Collected data:
────────

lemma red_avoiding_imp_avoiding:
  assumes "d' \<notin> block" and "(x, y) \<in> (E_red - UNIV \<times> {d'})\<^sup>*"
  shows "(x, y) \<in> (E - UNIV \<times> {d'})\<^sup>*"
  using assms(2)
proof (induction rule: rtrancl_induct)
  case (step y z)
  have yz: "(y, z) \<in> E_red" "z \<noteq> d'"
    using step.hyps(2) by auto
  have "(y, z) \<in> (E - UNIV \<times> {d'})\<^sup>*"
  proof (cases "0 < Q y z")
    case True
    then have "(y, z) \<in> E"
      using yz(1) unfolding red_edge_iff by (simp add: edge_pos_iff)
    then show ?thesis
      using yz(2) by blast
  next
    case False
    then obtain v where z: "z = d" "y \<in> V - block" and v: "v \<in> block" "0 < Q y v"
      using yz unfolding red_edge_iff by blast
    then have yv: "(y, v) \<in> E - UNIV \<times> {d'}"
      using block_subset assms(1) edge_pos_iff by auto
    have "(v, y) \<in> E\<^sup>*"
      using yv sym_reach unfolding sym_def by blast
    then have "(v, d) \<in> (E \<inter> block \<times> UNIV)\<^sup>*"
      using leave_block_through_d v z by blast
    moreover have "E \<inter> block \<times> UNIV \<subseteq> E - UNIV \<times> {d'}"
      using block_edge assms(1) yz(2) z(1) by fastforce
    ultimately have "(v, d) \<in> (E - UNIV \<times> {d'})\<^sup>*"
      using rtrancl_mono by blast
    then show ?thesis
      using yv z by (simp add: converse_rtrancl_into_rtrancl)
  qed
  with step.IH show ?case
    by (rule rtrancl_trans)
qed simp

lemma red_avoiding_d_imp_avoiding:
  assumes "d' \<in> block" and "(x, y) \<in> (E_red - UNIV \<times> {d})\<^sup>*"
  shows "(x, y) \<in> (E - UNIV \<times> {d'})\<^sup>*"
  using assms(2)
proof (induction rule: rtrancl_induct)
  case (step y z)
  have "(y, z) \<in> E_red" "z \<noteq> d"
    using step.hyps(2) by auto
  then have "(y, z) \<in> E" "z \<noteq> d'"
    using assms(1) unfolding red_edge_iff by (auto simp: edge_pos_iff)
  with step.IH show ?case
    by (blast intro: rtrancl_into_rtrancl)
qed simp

────────

Print each record again. Nothing may be left out.

lemma red_avoiding_imp_avoiding:
  assumes "d' \<notin> block" and "(x, y) \<in> (E_red - UNIV \<times> {d'})\<^sup>*"
  shows "(x, y) \<in> (E - UNIV \<times> {d'})\<^sup>*"
  using assms(2)
proof (induction rule: rtrancl_induct)
  case (step y z)
  have yz: "(y, z) \<in> E_red" "z \<noteq> d'"
    using step.hyps(2) by auto
  have "(y, z) \<in> (E - UNIV \<times> {d'})\<^sup>*"
  proof (cases "0 < Q y z")
    case True
    then have "(y, z) \<in> E"
      using yz(1) unfolding red_edge_iff by (simp add: edge_pos_iff)
    then show ?thesis
      using yz(2) by blast
  next
    case False
    then obtain v where z: "z = d" "y \<in> V - block" and v: "v \<in> block" "0 < Q y v"
      using yz unfolding red_edge_iff by blast
    then have yv: "(y, v) \<in> E - UNIV \<times> {d'}"
      using block_subset assms(1) edge_pos_iff by auto
    have "(v, y) \<in> E\<^sup>*"
      using yv sym_reach unfolding sym_def by blast
    then have "(v, d) \<in> (E \<inter> block \<times> UNIV)\<^sup>*"
      using leave_block_through_d v z by blast
    moreover have "E \<inter> block \<times> UNIV \<subseteq> E - UNIV \<times> {d'}"
      using block_edge assms(1) yz(2) z(1) by fastforce
    ultimately have "(v, d) \<in> (E - UNIV \<times> {d'})\<^sup>*"
      using rtrancl_mono by blast
    then show ?thesis
      using yv z by (simp add: converse_rtrancl_into_rtrancl)
  qed
  with step.IH show ?case
    by (rule rtrancl_trans)
qed simp

lemma red_avoiding_d_imp_avoiding:
  assumes "d' \<in> block" and "(x, y) \<in> (E_red - UNIV \<times> {d})\<^sup>*"
  shows "(x, y) \<in> (E - UNIV \<times> {d'})\<^sup>*"
  using assms(2)
proof (induction rule: rtrancl_induct)
  case (step y z)
  have "(y, z) \<in> E_red" "z \<noteq> d"
    using step.hyps(2) by auto
  then have "(y, z) \<in> E" "z \<noteq> d'"
    using assms(1) unfolding red_edge_iff by (auto simp: edge_pos_iff)
  with step.IH show ?case
    by (blast intro: rtrancl_into_rtrancl)
qed simp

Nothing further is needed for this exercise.